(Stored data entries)
++++++++++++++++++++

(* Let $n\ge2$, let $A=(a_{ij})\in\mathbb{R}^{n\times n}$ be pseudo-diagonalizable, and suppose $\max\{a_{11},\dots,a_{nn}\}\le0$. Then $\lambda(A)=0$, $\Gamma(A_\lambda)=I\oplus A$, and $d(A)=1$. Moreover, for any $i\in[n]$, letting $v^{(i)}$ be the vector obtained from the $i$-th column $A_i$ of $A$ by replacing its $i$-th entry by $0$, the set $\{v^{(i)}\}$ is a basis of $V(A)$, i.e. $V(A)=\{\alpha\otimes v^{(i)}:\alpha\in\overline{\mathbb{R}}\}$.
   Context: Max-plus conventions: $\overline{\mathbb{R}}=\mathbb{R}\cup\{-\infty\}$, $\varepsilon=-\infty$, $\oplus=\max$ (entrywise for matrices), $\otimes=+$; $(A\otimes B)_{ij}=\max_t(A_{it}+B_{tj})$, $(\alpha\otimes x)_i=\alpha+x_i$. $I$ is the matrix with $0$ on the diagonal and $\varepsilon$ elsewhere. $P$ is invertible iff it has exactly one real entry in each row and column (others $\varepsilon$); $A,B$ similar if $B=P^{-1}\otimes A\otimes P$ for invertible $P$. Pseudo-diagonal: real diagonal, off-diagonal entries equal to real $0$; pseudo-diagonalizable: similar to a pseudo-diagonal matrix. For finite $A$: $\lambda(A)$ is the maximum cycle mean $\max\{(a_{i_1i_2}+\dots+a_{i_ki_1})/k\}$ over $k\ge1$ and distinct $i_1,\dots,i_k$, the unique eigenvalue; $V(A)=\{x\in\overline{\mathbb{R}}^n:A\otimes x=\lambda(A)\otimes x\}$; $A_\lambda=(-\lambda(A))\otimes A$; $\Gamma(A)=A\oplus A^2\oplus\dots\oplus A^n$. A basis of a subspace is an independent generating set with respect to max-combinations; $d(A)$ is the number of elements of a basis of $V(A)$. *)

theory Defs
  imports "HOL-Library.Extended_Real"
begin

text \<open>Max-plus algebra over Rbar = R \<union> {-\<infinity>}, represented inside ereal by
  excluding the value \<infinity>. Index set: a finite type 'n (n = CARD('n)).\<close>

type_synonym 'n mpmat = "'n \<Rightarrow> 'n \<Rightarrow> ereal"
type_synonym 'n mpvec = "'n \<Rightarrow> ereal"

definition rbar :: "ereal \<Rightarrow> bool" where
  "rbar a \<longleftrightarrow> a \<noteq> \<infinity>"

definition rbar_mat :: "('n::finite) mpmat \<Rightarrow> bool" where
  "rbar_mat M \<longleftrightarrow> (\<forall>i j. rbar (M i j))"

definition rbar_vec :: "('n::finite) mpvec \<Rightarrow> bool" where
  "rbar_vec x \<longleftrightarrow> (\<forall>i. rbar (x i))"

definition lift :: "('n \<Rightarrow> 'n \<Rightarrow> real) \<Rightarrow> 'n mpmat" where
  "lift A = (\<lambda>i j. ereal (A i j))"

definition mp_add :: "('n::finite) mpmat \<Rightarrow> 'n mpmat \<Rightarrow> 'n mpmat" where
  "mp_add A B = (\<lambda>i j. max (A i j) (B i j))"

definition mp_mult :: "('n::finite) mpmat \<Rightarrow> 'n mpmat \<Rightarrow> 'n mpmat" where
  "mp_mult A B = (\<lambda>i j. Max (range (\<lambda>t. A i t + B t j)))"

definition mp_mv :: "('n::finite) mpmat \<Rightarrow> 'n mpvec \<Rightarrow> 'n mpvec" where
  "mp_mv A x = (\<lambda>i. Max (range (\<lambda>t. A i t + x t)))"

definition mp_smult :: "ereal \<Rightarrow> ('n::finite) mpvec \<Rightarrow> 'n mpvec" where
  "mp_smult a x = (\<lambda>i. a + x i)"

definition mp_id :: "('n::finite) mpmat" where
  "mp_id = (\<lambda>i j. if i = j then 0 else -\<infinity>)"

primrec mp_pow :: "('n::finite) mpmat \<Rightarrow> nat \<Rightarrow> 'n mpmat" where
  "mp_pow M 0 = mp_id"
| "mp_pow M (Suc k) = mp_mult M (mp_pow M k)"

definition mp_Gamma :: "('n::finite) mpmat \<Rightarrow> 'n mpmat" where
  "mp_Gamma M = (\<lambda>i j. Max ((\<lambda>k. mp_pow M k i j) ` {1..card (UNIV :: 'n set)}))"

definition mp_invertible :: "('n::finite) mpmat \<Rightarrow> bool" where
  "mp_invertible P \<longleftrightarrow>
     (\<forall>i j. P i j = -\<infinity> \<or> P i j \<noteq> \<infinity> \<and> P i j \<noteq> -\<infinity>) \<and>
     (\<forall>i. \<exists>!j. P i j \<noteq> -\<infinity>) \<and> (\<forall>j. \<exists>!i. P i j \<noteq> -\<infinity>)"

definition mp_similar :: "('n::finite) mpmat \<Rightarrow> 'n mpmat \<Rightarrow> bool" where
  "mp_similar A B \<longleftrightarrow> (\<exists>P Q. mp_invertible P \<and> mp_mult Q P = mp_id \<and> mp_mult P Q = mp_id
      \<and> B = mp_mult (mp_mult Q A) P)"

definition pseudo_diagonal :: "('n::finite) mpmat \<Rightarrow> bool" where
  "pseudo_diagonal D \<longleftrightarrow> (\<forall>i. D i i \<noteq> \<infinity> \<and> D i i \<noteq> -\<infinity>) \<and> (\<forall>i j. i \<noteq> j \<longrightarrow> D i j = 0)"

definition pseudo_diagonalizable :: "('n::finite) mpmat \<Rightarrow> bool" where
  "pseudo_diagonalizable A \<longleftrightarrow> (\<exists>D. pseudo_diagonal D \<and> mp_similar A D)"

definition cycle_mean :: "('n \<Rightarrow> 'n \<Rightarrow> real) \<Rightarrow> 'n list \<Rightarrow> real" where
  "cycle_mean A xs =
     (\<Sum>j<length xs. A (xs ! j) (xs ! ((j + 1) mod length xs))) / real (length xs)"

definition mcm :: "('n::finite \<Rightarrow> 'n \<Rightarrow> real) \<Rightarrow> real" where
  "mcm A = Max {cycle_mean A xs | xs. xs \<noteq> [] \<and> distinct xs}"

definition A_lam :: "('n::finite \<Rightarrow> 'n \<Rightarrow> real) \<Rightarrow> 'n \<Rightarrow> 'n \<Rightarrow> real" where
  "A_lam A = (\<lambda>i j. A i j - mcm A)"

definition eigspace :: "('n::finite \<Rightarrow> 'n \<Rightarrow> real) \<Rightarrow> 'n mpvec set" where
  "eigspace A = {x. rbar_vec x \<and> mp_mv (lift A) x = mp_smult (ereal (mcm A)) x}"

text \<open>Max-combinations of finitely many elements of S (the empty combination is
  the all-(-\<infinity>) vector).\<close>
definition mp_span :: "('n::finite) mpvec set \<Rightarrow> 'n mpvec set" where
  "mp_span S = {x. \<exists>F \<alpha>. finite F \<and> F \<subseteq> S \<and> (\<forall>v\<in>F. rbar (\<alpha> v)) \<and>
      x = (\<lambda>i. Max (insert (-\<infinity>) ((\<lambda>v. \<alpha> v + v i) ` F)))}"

++++++++++++++++++++

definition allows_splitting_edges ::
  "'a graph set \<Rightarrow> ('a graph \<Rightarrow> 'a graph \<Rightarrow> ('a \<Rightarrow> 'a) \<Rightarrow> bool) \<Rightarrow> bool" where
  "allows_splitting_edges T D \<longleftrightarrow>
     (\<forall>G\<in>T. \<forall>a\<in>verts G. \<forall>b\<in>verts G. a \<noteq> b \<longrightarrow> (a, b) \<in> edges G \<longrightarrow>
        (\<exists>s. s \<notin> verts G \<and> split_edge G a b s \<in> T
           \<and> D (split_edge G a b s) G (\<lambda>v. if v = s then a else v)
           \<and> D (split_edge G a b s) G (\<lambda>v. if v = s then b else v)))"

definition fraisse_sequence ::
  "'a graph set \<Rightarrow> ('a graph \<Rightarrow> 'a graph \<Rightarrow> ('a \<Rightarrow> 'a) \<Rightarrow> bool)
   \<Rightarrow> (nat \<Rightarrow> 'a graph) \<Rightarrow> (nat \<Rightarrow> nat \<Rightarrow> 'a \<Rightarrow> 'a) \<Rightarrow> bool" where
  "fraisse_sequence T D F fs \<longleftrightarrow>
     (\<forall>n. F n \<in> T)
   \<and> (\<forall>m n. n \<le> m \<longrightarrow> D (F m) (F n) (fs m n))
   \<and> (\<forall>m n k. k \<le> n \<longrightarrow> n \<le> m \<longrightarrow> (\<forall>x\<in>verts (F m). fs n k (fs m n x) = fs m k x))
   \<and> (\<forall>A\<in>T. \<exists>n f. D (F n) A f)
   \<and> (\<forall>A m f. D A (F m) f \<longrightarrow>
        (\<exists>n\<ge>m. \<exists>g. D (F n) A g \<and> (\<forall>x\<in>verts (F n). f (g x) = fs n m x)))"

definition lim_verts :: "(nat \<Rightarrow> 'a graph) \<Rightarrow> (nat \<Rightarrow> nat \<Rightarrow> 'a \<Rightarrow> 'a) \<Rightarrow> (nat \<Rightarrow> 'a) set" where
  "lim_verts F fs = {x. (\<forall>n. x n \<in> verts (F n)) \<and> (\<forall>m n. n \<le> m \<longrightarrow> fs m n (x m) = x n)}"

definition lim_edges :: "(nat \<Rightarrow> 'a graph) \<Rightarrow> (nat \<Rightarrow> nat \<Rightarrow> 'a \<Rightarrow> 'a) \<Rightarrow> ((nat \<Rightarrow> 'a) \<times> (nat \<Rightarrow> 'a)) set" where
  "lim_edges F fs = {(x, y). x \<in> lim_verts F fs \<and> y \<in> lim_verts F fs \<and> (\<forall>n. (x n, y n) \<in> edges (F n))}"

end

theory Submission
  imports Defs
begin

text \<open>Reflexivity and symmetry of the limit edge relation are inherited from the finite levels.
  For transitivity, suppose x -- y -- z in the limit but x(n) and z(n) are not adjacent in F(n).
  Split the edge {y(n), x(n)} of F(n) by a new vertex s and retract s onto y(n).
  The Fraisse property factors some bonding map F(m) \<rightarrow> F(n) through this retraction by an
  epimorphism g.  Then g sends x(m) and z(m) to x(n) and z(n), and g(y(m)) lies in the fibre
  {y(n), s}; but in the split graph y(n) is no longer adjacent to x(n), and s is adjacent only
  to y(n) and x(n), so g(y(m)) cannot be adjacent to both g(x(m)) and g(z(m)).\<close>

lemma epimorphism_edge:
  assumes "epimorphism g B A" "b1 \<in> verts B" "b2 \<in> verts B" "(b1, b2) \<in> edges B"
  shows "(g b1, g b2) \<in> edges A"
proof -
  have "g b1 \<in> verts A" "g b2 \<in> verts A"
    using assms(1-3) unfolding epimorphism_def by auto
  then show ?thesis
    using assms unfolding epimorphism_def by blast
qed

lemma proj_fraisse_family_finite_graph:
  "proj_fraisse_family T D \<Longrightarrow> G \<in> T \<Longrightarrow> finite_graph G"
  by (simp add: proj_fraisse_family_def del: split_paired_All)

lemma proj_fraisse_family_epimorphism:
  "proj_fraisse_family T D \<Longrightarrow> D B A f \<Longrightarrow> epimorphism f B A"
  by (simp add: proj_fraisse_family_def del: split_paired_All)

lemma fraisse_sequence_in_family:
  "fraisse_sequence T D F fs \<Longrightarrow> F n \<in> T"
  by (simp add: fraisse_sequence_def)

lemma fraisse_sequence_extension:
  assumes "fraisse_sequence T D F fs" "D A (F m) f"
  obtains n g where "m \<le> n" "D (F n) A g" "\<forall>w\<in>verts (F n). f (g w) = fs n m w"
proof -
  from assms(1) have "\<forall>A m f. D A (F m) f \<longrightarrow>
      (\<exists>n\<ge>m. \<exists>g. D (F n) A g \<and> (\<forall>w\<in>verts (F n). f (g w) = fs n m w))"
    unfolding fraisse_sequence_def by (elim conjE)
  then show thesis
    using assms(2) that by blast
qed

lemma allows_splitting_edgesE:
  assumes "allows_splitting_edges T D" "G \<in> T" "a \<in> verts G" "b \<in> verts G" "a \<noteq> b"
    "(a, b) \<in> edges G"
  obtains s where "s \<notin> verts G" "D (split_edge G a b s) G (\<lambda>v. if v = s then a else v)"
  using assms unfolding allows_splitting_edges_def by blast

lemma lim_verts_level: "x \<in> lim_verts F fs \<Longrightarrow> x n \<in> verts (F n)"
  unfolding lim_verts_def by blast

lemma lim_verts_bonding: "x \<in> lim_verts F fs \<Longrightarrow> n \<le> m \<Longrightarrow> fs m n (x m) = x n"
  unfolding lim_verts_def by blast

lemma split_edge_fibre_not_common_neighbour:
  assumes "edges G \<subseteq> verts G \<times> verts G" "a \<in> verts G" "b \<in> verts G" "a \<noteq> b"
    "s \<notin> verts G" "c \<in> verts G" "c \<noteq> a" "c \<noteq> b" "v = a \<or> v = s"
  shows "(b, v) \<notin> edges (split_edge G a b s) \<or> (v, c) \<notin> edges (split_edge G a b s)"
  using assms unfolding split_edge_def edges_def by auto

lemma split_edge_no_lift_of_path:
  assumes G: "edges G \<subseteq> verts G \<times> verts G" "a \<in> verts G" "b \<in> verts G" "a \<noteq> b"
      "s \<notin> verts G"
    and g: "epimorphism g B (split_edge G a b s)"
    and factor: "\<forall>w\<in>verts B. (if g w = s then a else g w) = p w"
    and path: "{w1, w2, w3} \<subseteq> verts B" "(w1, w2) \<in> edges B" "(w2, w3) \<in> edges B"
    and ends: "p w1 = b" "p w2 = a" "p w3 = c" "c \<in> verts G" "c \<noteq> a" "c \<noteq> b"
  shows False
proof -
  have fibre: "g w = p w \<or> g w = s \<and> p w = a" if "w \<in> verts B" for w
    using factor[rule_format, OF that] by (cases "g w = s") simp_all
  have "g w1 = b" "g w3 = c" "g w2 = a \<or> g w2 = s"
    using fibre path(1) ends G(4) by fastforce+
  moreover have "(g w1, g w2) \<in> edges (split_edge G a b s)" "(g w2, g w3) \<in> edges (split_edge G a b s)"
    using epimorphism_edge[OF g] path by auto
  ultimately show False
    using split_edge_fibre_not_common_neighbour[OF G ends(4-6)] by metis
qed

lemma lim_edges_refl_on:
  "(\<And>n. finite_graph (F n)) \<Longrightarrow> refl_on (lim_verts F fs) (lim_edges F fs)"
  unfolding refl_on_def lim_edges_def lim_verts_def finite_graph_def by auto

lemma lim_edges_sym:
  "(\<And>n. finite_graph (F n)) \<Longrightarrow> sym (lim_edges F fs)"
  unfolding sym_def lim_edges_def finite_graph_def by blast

++++++++++++++++++++

**PROBLEM REQUIREMENTS**
Print, from the entries above, the line with "(\<Sum>j<length xs. A", the line with "(\<alpha> v)) \<and>" and all lines between them, exactly and with nothing else.

**SOLUTION TO THIS TASK**
     (\<Sum>j<length xs. A (xs ! j) (xs ! ((j + 1) mod length xs))) / real (length xs)"

definition mcm :: "('n::finite \<Rightarrow> 'n \<Rightarrow> real) \<Rightarrow> real" where
  "mcm A = Max {cycle_mean A xs | xs. xs \<noteq> [] \<and> distinct xs}"

definition A_lam :: "('n::finite \<Rightarrow> 'n \<Rightarrow> real) \<Rightarrow> 'n \<Rightarrow> 'n \<Rightarrow> real" where
  "A_lam A = (\<lambda>i j. A i j - mcm A)"

definition eigspace :: "('n::finite \<Rightarrow> 'n \<Rightarrow> real) \<Rightarrow> 'n mpvec set" where
  "eigspace A = {x. rbar_vec x \<and> mp_mv (lift A) x = mp_smult (ereal (mcm A)) x}"

text \<open>Max-combinations of finitely many elements of S (the empty combination is
  the all-(-\<infinity>) vector).\<close>
definition mp_span :: "('n::finite) mpvec set \<Rightarrow> 'n mpvec set" where
  "mp_span S = {x. \<exists>F \<alpha>. finite F \<and> F \<subseteq> S \<and> (\<forall>v\<in>F. rbar (\<alpha> v)) \<and>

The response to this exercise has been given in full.